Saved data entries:
Content starts
(* Let $A, C, D$ be binary random variables, with $A$ taking values $a,\overline{a}$, $C$ taking values $c,\overline{c}$, $D$ taking values $d,\overline{d}$, and let $Y$ be a real random variable with finite expectation. Suppose the joint distribution factorizes as \[ p(A,C,D,Y)=p(D)\,p(C\mid D)\,p(A\mid C)\,p(Y\mid A,C). \] Assume that $C$ and $D$ are dependent, and that every event $\{A=x, C=y, D=z\}$ has positive probability. If $E[Y\mid A,C]$ and $E[A\mid C]$ are both nondecreasing or both nonincreasing in $C$, then $E[Y\mid A,D]$ and $E[A\mid D]$ are both nondecreasing or both nonincreasing in $D$. If $E[Y\mid A,C]$ and $E[A\mid C]$ are one nondecreasing and the other nonincreasing in $C$, then $E[Y\mid A,D]$ and $E[A\mid D]$ are one nondecreasing and the other nonincreasing in $D$.
   Context: $E[Y\mid A,C]$ is nondecreasing in $C$ if $E[Y\mid a,c]\ge E[Y\mid a,\overline{c}]$ and $E[Y\mid \overline{a},c]\ge E[Y\mid \overline{a},\overline{c}]$, nonincreasing if both inequalities are reversed; analogously for $D$. With $a=1,\overline{a}=0$, $E[A\mid C]=p(a\mid C)$ is nondecreasing in $C$ if $p(a\mid c)\ge p(a\mid\overline{c})$ and nonincreasing if $p(a\mid c)\le p(a\mid\overline{c})$; analogously for $D$. *)

theory Defs
  imports "HOL-Probability.Probability"
begin

text \<open>Binary random variables are modelled as bool-valued maps; the value True
  plays the role of a, c, d and False the role of the barred values.\<close>

definition ev :: "'a measure \<Rightarrow> ('a \<Rightarrow> bool) \<Rightarrow> 'a set" where
  "ev M P = {\<omega> \<in> space M. P \<omega>}"

definition cond_prob :: "'a measure \<Rightarrow> ('a \<Rightarrow> bool) \<Rightarrow> ('a \<Rightarrow> bool) \<Rightarrow> real" where
  "cond_prob M P Q = measure M (ev M (\<lambda>\<omega>. P \<omega> \<and> Q \<omega>)) / measure M (ev M Q)"

definition cond_exp_ev :: "'a measure \<Rightarrow> ('a \<Rightarrow> real) \<Rightarrow> ('a \<Rightarrow> bool) \<Rightarrow> real" where
  "cond_exp_ev M Y Q = (\<integral>\<omega>. indicator (ev M Q) \<omega> * Y \<omega> \<partial>M) / measure M (ev M Q)"

definition EY_nondec :: "'a measure \<Rightarrow> ('a \<Rightarrow> real) \<Rightarrow> ('a \<Rightarrow> bool) \<Rightarrow> ('a \<Rightarrow> bool) \<Rightarrow> bool" where
  "EY_nondec M Y A X \<longleftrightarrow> (\<forall>x. cond_exp_ev M Y (\<lambda>\<omega>. A \<omega> = x \<and> X \<omega>)
                                 \<ge> cond_exp_ev M Y (\<lambda>\<omega>. A \<omega> = x \<and> \<not> X \<omega>))"

definition EY_noninc :: "'a measure \<Rightarrow> ('a \<Rightarrow> real) \<Rightarrow> ('a \<Rightarrow> bool) \<Rightarrow> ('a \<Rightarrow> bool) \<Rightarrow> bool" where
  "EY_noninc M Y A X \<longleftrightarrow> (\<forall>x. cond_exp_ev M Y (\<lambda>\<omega>. A \<omega> = x \<and> X \<omega>)
                                 \<le> cond_exp_ev M Y (\<lambda>\<omega>. A \<omega> = x \<and> \<not> X \<omega>))"

text \<open>E[A | X] = p(a | X) nondecreasing / nonincreasing in X.\<close>
definition EA_nondec :: "'a measure \<Rightarrow> ('a \<Rightarrow> bool) \<Rightarrow> ('a \<Rightarrow> bool) \<Rightarrow> bool" where
  "EA_nondec M A X \<longleftrightarrow> cond_prob M A X \<ge> cond_prob M A (\<lambda>\<omega>. \<not> X \<omega>)"

definition EA_noninc :: "'a measure \<Rightarrow> ('a \<Rightarrow> bool) \<Rightarrow> ('a \<Rightarrow> bool) \<Rightarrow> bool" where
  "EA_noninc M A X \<longleftrightarrow> cond_prob M A X \<le> cond_prob M A (\<lambda>\<omega>. \<not> X \<omega>)"

end

theory Submission
  imports Defs
begin

text \<open>Conditioning on D mixes the two values of C: p(a | D = z) is the mean of p(a | C = y)
  with weights p(y, z), and E[Y | A = x, D = z] is the mean of E[Y | A = x, C = y] with weights
  p(x | y) p(y, z) (here the factorization enters: given A and C, Y does not depend on D).
  For two weighted means of the same pair of values, the difference is the difference of the
  values times a positive multiple of the cross product of the weights, and in both cases this
  cross product is a positive multiple of \<open>\<Delta> = p(c,d) p(c',d') - p(c,d') p(c',d)\<close>.
  So every D-difference is a C-difference times a positive multiple of \<open>\<Delta>\<close>: the two
  monotonicity directions are kept if \<open>\<Delta> > 0\<close> and both reversed if \<open>\<Delta> < 0\<close>.\<close>

lemma sets_ev [measurable]: "Measurable.pred M P \<Longrightarrow> ev M P \<in> sets M"
  unfolding ev_def by measurable

lemma integral_indicator_ev_eq_sum_cells:
  fixes A C D :: "'a \<Rightarrow> bool" and f :: "'a \<Rightarrow> real"
  assumes [measurable]: "A \<in> measurable M (count_space UNIV)"
    "C \<in> measurable M (count_space UNIV)" "D \<in> measurable M (count_space UNIV)"
    and f: "integrable M f"
  shows "(\<integral>\<omega>. indicator (ev M (\<lambda>\<omega>. R (A \<omega>) (C \<omega>) (D \<omega>))) \<omega> * f \<omega> \<partial>M)
    = (\<Sum>x\<in>UNIV. \<Sum>y\<in>UNIV. \<Sum>z\<in>UNIV. of_bool (R x y z) *
         (\<integral>\<omega>. indicator (ev M (\<lambda>\<omega>. A \<omega> = x \<and> C \<omega> = y \<and> D \<omega> = z)) \<omega> * f \<omega> \<partial>M))"
proof -
  have cell_integrable: "integrable M (\<lambda>\<omega>.
      indicator (ev M (\<lambda>\<omega>. A \<omega> = x \<and> C \<omega> = y \<and> D \<omega> = z)) \<omega> * f \<omega>)" for x y z
    using integrable_real_mult_indicator[OF _ f] by (simp add: mult.commute)
  have cell_decomposition: "indicator (ev M (\<lambda>\<omega>. R (A \<omega>) (C \<omega>) (D \<omega>))) \<omega> * f \<omega>
     = (\<Sum>x\<in>UNIV. \<Sum>y\<in>UNIV. \<Sum>z\<in>UNIV. of_bool (R x y z) *
         (indicator (ev M (\<lambda>\<omega>. A \<omega> = x \<and> C \<omega> = y \<and> D \<omega> = z)) \<omega> * f \<omega>))" for \<omega>
    by (cases "\<omega> \<in> space M"; cases "A \<omega>"; cases "C \<omega>"; cases "D \<omega>")
       (simp_all add: UNIV_bool ev_def of_bool_def)
  show ?thesis
    unfolding cell_decomposition using cell_integrable
    by (simp add: integral_sum integrable_sum del: sum_of_bool_mult_eq)
qed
Content ends
> WHAT TO DO
Go through the data and copy every line that includes "product".

> RESPONSE
  values times a positive multiple of the cross product of the weights, and in both cases this
  cross product is a positive multiple of \<open>\<Delta> = p(c,d) p(c',d') - p(c,d') p(c',d)\<close>.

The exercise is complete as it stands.